Which again defeats the idea of a "beyond deadly" encounter range. You might not survive combat, but there should be a solution in one of the other columns that is applicable. If they are all above deadly, then you have the War Games scenario: the only winning move is not to play.

How about a nice game of chess?
 

Reynard

Legend
So going back to the Hydra: it's given you can't survive combat against it. Can you talk to it? Can you sneak around it or otherwise circumvent it? If yes, what's the difficulty level of those other options. If you can't talk to it (it will ignore you and attack) or circumvent it (it will notice you and attack) you're back to the wall.

Which again defeats the idea of a "beyond deadly" encounter range. You might not survive combat, but there should be a solution in one of the other columns that is applicable. If they are all above deadly, then you have the War Games scenario: the only winning move is not to play.
I'm still not sure how you are making the leap here. "Beyond Deadly" is a way of categorizing the potential outcome of the fight. It doesn't say anything about other potential solutions.
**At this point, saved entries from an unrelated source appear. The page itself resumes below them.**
lemma prod_Var_power:
  "finite A \<Longrightarrow> (\<Prod>k\<in>A. Var k ^ f k) = Poly_Mapping.single (\<Sum>k\<in>A. Poly_Mapping.single k (f k)) 1"
  by (induction A rule: finite_induct) (simp_all add: Var_power mult_single)

lemma Const_mult_single: "Const z * Poly_Mapping.single v w = Poly_Mapping.single v (z * w)"
  unfolding Const_def by (simp add: mult_single)

definition hexpo :: "nat \<Rightarrow> nat list \<Rightarrow> nat \<Rightarrow> nat \<Rightarrow> (nat \<Rightarrow>\<^sub>0 nat)" where
  "hexpo n j a b = expo n j a + Poly_Mapping.single (Suc n) b"

lemma lookup_hexpo:
  "Poly_Mapping.lookup (hexpo n j a b) v = (if v < n then j ! v else if v = n then a else if v = Suc n then b else 0)"
  unfolding hexpo_def expo_def by (simp add: lookup_add lookup_sum lookup_single when_def)

lemma hexpo_0: "hexpo n j a 0 = expo n j a"
  unfolding hexpo_def by simp

lemma hexpo_eq_iff:
  assumes "length j = n" "length j' = n"
  shows "hexpo n j a b = hexpo n j' a' b' \<longleftrightarrow> j = j' \<and> a = a' \<and> b = b'"
proof
  assume "hexpo n j a b = hexpo n j' a' b'"
  then have lookup_eq: "Poly_Mapping.lookup (hexpo n j a b) v = Poly_Mapping.lookup (hexpo n j' a' b') v" for v
    by simp
  have "j ! v = j' ! v" if "v < n" for v
    using lookup_eq[of v] that by (simp add: lookup_hexpo)
  moreover have "a = a'" "b = b'"
    using lookup_eq[of n] lookup_eq[of "Suc n"] by (simp_all add: lookup_hexpo)
  ultimately show "j = j' \<and> a = a' \<and> b = b'"
    using assms by (simp add: nth_equalityI)
qed simp

lemma sum_single_nth_eq_hexpo:
  assumes "length i = Suc n"
  shows "(\<Sum>k\<le>n. Poly_Mapping.single k (i ! k)) = hexpo n (butlast i) (last i) 0"
proof -
  have "i ! n = last i"
    using assms last_conv_nth[of i] by fastforce
  then show ?thesis
    using assms by (intro poly_mapping_eqI) (auto simp: lookup_sum lookup_single when_def lookup_hexpo nth_butlast)
qed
For example, you don't adjust the CR of an encounter (which is based entirely upon the relative power of the creature versus the party in combat) because the PCs come up with a clever non-combat solution. "Beyond Deadly" is just a way of saying APL +10 or whatever. it is informative, not prescriptive.
 

Lanefan

Victoria Rules
I don't need the encounter table to tell me an ancient dragon will kill 3rd level PCs. I need the encounter table to tell me if a young dragon fight will. Of course a high challenge monster will usually win (the luck of the dice notwithstanding). Most creatures above a certain threshold do. The encounter creation rules are mostly for a DM to determine if the fight will NOT kill them. If you're a DM who doesn't care about such things, you ignore the challenge rating and daily XP budget and let the PCs know they are as likely to encounter a 16th level challenge as a 6th. You don't need the DMG to give you permission.
You do, however, need (or at least should be able to expect) the DMG to give some ideas how to handle the ancient Dragon vs 3rd-level party encounter should it arise either by your own devising or by random chance.